== Your instructions ==
Using the data below, copy out all lines with the word "also".

== Data under study ==
☆ ☆ ☆ ☆ ☆ ☆ ☆

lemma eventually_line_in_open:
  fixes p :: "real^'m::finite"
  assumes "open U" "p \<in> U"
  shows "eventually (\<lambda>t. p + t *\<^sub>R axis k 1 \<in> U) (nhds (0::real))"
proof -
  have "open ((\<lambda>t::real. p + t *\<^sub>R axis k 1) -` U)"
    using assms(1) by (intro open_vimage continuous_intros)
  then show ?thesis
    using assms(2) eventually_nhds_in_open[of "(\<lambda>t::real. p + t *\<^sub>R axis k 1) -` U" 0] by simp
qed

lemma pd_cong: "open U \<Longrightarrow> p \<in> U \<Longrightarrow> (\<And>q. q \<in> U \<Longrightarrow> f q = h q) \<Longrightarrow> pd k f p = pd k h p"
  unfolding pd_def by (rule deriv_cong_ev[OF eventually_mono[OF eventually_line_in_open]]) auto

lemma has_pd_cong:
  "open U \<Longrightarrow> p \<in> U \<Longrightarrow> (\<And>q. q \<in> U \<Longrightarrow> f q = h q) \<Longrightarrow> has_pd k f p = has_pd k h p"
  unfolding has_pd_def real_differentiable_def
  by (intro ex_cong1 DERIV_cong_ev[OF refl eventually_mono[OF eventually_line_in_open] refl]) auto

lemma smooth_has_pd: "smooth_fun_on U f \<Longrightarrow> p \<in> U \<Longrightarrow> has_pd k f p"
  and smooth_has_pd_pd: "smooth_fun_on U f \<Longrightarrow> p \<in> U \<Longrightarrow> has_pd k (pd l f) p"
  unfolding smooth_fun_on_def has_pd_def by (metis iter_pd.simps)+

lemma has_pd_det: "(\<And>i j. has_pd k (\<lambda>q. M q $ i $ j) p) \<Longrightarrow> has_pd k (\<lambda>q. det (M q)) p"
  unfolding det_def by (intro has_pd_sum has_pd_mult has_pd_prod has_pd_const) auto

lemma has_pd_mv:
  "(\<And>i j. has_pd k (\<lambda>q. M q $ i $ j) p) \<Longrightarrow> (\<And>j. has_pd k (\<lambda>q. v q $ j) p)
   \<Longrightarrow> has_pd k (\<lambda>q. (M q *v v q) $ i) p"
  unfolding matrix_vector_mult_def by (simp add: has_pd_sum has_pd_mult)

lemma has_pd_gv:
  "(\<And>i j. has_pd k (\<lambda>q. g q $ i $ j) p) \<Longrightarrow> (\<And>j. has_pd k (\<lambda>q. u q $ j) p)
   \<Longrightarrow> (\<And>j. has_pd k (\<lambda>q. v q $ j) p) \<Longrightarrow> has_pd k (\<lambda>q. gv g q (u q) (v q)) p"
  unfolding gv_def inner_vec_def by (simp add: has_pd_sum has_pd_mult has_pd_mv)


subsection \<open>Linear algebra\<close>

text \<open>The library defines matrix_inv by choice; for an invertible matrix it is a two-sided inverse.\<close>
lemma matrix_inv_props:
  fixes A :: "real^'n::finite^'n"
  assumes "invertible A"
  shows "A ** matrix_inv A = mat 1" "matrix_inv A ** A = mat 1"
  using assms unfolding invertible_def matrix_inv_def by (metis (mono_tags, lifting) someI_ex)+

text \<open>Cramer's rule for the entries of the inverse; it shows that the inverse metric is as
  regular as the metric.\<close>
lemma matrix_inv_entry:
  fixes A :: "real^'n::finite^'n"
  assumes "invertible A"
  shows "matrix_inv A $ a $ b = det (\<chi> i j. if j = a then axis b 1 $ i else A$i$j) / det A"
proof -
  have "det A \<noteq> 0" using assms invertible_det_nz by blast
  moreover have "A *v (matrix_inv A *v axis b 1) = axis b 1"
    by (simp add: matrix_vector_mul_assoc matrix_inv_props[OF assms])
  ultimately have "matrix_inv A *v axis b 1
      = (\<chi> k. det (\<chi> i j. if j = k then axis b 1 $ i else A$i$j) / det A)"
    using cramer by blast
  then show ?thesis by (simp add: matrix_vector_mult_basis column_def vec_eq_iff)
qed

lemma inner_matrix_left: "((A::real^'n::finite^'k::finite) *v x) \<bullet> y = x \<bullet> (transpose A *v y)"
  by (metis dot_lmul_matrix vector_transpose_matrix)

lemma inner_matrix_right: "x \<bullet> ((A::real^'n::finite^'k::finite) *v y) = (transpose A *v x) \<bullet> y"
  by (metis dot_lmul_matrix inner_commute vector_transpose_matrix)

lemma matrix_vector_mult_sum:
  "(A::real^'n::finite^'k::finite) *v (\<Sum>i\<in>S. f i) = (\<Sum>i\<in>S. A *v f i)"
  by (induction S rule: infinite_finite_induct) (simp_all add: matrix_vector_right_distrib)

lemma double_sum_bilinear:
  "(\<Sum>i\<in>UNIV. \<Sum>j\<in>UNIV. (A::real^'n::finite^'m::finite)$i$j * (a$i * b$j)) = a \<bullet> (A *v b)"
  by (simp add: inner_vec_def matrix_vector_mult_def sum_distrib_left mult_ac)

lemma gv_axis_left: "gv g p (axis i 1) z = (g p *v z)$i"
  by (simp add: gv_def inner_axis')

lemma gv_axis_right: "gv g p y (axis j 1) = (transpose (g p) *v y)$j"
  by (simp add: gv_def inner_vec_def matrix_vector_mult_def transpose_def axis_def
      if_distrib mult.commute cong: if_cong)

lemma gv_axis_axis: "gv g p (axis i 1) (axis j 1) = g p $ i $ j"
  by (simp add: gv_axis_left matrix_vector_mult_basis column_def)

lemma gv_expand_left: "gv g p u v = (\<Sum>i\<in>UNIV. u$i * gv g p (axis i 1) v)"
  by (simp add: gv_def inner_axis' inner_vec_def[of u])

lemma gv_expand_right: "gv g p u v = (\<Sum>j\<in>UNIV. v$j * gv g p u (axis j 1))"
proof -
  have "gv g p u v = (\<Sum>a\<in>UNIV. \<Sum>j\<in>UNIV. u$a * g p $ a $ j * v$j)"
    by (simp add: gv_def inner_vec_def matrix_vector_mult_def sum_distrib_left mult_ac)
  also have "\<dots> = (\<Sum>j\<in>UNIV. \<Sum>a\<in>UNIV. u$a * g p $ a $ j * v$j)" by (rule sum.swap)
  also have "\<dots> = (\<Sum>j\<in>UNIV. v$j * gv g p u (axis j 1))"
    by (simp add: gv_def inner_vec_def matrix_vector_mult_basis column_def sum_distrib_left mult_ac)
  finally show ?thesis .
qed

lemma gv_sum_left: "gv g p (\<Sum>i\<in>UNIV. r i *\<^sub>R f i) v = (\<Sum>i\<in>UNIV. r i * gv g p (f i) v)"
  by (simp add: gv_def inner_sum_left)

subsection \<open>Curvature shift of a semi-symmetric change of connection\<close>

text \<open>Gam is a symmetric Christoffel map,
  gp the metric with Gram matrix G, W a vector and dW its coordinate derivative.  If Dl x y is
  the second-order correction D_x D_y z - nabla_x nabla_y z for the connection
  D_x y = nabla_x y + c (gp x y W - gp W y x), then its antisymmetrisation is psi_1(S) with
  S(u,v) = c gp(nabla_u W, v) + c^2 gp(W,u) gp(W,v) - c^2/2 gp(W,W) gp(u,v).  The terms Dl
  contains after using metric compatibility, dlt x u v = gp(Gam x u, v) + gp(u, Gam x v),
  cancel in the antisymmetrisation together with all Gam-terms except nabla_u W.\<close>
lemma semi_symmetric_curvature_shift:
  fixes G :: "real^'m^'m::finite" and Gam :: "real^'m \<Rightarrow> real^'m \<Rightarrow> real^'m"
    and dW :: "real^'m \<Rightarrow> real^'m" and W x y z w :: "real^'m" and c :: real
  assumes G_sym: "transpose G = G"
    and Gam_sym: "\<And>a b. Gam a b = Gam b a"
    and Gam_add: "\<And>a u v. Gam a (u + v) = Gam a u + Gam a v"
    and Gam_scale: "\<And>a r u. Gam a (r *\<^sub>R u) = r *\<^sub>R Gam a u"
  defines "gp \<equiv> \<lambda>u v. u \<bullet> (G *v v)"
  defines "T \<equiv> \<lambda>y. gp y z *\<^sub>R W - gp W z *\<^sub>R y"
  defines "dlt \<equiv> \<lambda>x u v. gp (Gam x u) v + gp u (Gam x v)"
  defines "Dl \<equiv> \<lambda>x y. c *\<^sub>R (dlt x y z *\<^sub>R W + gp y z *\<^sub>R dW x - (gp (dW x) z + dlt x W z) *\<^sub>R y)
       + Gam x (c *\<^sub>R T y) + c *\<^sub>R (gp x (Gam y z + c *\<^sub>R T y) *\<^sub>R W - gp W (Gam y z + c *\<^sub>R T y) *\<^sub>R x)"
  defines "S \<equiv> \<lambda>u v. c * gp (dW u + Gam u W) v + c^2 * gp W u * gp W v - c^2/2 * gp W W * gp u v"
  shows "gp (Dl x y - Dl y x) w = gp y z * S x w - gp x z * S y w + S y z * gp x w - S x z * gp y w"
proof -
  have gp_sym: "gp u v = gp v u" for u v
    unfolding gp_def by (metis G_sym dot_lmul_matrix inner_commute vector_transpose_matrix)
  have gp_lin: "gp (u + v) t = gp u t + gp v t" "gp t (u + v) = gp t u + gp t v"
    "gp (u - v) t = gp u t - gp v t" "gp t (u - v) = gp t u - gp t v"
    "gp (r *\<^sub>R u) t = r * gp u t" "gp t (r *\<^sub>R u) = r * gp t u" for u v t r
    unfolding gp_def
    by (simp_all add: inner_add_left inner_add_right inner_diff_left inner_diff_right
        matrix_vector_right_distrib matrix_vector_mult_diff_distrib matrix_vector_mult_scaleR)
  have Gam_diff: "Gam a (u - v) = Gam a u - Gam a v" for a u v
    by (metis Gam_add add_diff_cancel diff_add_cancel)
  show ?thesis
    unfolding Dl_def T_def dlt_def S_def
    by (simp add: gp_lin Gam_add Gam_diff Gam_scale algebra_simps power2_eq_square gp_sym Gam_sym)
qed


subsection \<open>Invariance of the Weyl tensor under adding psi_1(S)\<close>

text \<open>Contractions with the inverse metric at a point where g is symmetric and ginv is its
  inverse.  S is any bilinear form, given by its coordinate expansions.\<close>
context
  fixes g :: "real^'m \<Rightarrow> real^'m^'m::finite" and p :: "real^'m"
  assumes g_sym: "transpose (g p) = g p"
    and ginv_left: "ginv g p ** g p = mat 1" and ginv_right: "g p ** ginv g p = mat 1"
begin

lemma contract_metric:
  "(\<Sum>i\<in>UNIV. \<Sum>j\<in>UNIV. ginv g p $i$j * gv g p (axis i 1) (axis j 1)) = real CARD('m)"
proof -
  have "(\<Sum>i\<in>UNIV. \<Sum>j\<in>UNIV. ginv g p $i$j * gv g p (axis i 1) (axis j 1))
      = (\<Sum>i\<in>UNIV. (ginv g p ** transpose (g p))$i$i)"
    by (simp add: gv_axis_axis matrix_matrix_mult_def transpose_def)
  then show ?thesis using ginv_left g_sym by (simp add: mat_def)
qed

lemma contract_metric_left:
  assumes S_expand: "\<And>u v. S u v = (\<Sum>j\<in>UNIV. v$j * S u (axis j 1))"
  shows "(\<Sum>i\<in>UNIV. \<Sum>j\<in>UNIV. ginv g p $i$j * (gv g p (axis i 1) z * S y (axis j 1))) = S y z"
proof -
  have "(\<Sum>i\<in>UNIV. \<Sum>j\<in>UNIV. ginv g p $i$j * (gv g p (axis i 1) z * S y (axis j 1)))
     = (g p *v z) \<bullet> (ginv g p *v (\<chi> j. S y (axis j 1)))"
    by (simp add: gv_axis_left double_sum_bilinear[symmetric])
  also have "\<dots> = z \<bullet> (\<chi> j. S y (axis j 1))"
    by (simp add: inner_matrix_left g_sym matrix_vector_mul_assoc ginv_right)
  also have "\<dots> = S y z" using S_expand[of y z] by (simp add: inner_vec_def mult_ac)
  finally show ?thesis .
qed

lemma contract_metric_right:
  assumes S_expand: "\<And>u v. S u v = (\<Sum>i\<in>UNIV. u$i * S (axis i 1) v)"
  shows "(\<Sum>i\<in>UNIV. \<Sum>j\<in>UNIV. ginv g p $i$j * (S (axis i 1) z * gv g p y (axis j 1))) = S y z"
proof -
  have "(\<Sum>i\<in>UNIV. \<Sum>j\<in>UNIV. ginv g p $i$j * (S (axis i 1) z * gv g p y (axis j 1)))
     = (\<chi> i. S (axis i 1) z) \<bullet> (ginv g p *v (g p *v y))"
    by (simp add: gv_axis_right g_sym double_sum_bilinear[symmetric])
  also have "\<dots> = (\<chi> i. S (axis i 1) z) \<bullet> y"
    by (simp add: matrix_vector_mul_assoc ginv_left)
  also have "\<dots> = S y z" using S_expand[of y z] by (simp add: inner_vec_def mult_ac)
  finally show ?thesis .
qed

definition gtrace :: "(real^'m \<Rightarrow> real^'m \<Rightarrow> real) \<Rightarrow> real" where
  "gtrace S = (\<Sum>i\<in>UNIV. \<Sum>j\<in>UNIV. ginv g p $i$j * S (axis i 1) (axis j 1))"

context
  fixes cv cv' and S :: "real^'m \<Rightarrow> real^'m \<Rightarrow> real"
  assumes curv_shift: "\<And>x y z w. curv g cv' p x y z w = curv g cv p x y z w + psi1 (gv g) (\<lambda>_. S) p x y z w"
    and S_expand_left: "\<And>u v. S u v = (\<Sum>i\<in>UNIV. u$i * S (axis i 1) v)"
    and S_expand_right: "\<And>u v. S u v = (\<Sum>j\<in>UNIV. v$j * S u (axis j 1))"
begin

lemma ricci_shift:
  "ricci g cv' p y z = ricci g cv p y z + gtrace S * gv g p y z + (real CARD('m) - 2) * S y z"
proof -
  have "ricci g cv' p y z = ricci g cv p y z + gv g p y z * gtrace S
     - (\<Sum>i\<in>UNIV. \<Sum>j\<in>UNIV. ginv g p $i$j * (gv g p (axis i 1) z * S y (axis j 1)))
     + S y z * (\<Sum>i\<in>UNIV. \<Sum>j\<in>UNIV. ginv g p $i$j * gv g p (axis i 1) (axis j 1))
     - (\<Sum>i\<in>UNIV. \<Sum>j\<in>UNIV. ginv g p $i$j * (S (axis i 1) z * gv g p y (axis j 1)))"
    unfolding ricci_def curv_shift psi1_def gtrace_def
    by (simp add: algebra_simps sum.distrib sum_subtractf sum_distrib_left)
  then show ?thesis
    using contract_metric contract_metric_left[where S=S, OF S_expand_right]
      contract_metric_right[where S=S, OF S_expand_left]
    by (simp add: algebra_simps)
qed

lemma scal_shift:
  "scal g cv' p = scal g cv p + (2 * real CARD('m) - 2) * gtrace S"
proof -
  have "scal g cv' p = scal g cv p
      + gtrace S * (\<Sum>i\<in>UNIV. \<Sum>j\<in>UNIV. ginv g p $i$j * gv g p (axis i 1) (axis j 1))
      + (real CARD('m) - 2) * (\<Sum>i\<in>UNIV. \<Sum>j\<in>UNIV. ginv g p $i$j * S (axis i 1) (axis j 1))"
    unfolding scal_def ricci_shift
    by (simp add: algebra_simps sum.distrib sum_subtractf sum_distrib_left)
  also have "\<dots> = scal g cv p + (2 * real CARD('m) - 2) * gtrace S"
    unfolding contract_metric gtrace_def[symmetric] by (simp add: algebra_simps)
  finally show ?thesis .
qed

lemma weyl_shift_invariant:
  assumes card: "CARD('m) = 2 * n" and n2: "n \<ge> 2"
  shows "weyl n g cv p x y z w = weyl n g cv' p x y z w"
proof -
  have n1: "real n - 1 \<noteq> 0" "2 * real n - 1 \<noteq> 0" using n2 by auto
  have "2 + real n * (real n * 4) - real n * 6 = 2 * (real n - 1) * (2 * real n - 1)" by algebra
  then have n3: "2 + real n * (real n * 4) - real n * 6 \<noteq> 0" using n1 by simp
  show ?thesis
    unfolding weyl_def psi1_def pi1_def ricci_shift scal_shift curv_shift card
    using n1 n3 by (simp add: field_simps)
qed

☆ ☆ ☆ ☆ ☆ ☆ ☆

== Answer to this exercise ==
  also have "\<dots> = (\<Sum>j\<in>UNIV. \<Sum>a\<in>UNIV. u$a * g p $ a $ j * v$j)" by (rule sum.swap)
  also have "\<dots> = (\<Sum>j\<in>UNIV. v$j * gv g p u (axis j 1))"
  also have "\<dots> = z \<bullet> (\<chi> j. S y (axis j 1))"
  also have "\<dots> = S y z" using S_expand[of y z] by (simp add: inner_vec_def mult_ac)
  also have "\<dots> = (\<chi> i. S (axis i 1) z) \<bullet> y"
  also have "\<dots> = S y z" using S_expand[of y z] by (simp add: inner_vec_def mult_ac)
  also have "\<dots> = scal g cv p + (2 * real CARD('m) - 2) * gtrace S"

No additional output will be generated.